WHAT YOU ARE ASKED TO DO:
Looking at the data, count the lines where the word "case" occurs and answer with only the number.

-*-*-

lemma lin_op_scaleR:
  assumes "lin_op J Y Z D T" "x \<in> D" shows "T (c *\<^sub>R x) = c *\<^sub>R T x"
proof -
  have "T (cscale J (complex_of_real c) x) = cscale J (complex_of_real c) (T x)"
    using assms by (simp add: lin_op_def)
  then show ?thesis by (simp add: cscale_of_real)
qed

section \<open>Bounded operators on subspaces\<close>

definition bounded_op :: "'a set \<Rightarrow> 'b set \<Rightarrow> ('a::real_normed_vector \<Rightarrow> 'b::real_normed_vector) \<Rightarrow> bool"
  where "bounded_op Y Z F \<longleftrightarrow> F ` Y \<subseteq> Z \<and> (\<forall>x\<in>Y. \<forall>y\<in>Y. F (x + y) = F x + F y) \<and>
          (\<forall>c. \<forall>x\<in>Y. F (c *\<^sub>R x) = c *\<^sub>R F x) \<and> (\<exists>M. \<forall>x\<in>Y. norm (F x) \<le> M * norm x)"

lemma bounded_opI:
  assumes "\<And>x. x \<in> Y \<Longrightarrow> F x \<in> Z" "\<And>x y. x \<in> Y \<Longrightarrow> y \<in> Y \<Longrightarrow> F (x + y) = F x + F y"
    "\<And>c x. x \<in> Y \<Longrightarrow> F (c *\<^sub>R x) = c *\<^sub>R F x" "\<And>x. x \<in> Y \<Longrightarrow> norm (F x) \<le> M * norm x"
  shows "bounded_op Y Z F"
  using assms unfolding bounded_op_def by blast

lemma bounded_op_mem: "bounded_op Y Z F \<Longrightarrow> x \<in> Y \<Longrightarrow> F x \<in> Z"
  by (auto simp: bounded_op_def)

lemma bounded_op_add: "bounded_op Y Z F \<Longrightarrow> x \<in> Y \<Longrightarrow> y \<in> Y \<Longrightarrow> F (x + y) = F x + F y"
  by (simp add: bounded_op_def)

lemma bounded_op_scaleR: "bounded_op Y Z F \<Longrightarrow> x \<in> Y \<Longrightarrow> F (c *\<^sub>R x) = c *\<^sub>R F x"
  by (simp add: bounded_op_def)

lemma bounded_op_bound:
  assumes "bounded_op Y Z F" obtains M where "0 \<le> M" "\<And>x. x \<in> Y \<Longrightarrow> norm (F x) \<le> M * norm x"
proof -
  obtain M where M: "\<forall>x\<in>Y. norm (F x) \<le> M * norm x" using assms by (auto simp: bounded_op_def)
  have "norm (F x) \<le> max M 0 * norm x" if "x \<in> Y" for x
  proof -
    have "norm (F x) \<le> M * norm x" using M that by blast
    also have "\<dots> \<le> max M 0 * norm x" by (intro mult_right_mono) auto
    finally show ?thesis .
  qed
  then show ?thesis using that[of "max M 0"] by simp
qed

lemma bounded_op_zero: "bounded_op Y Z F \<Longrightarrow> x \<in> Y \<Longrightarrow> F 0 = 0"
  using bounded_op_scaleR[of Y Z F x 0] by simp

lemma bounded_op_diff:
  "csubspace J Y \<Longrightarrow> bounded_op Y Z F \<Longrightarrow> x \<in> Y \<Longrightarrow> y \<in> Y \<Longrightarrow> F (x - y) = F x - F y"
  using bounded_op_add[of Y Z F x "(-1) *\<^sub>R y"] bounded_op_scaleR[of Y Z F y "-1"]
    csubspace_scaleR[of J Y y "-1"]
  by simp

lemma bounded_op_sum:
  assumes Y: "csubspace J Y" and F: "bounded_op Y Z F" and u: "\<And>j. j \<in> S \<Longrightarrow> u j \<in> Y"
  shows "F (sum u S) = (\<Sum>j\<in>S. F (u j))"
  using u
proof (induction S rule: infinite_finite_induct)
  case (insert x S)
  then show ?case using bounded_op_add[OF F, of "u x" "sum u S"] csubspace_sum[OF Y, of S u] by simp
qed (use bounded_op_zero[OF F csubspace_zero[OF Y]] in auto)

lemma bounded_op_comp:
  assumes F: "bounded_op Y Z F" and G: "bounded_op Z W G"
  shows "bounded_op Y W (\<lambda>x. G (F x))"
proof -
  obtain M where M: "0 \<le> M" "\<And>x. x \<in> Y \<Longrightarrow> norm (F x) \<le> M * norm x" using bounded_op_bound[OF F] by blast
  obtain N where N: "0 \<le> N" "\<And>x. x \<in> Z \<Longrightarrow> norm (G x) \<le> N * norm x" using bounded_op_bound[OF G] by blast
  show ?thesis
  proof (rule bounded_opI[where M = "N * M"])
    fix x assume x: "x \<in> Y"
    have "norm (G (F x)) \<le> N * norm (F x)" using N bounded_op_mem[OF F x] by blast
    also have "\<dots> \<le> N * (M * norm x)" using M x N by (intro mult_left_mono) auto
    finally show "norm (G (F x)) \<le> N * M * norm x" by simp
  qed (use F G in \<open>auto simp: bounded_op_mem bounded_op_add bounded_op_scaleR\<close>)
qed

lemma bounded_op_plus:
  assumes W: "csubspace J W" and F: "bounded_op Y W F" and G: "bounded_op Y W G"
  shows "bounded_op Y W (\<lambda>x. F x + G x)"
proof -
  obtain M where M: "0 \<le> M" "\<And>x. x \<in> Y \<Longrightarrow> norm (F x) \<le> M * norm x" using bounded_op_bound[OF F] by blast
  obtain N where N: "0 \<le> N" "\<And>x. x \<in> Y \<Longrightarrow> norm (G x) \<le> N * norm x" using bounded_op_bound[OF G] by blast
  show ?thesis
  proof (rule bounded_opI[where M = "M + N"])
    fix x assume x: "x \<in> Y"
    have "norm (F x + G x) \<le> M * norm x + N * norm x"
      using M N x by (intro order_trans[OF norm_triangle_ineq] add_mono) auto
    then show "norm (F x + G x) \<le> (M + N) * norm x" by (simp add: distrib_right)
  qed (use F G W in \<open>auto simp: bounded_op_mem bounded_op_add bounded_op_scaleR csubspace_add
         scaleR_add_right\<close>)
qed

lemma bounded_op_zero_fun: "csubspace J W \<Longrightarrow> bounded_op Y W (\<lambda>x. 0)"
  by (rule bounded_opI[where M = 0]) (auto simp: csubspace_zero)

-*-*-

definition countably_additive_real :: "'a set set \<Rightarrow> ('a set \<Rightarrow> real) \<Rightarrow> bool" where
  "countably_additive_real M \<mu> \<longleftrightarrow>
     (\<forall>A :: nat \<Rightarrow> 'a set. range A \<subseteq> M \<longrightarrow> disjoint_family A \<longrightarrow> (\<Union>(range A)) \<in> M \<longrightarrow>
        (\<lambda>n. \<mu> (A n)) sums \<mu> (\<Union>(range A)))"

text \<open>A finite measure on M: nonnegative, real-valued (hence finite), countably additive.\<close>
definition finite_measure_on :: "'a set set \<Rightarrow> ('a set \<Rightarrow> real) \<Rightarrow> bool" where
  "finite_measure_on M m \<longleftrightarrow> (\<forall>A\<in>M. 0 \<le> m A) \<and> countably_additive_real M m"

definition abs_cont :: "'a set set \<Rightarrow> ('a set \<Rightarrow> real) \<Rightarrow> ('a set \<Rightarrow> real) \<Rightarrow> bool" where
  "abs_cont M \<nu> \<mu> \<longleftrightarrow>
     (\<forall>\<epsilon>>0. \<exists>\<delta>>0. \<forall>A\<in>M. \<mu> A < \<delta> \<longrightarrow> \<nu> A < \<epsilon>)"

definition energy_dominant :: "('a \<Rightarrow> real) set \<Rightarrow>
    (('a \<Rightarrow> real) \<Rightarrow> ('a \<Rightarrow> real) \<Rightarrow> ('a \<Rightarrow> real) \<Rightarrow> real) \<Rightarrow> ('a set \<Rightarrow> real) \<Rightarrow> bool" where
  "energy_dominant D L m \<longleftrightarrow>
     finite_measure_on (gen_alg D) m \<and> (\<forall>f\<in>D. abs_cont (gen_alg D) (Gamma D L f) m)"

-*-*-

RESULT FOR THIS EXERCISE:
2